- **Problem details**: Treat the line containing "using assms by (auto" as the first line of the answer and the last line of the data as its final line, reproducing every line between exactly.
══ Entries provided
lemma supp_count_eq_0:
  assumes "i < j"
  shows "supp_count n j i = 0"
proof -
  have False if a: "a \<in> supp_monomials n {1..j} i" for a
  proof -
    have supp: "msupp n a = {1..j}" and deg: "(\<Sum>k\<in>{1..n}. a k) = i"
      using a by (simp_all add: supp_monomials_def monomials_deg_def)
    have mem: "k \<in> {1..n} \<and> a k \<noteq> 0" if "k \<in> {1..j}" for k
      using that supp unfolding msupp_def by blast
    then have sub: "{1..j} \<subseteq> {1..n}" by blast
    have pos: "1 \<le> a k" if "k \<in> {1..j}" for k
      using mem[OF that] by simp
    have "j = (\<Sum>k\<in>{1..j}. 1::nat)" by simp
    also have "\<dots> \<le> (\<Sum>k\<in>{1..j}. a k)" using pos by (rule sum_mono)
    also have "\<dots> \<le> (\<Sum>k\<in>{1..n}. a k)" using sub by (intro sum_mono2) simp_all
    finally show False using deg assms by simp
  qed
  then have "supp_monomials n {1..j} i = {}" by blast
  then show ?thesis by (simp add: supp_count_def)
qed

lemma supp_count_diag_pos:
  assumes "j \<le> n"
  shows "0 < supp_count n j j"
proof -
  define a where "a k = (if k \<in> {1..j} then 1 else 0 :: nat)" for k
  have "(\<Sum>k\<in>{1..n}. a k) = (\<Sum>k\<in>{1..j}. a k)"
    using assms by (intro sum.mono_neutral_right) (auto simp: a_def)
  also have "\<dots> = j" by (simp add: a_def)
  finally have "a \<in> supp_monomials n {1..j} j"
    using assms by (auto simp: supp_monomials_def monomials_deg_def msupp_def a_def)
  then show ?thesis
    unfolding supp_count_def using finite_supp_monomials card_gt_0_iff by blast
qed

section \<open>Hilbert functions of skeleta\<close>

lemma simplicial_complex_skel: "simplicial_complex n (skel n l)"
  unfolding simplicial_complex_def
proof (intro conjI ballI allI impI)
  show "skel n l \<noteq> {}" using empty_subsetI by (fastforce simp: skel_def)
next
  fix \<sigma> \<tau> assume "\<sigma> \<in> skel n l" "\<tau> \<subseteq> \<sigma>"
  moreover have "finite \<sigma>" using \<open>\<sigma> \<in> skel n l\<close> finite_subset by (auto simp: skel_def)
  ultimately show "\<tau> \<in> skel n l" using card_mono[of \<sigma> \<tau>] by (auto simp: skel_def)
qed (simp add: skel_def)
════
- **Solution for this exercise**:
    using assms by (auto simp: supp_monomials_def monomials_deg_def msupp_def a_def)
  then show ?thesis
    unfolding supp_count_def using finite_supp_monomials card_gt_0_iff by blast
qed

section \<open>Hilbert functions of skeleta\<close>

lemma simplicial_complex_skel: "simplicial_complex n (skel n l)"
  unfolding simplicial_complex_def
proof (intro conjI ballI allI impI)
  show "skel n l \<noteq> {}" using empty_subsetI by (fastforce simp: skel_def)
next
  fix \<sigma> \<tau> assume "\<sigma> \<in> skel n l" "\<tau> \<subseteq> \<sigma>"
  moreover have "finite \<sigma>" using \<open>\<sigma> \<in> skel n l\<close> finite_subset by (auto simp: skel_def)
  ultimately show "\<tau> \<in> skel n l" using card_mono[of \<sigma> \<tau>] by (auto simp: skel_def)
qed (simp add: skel_def)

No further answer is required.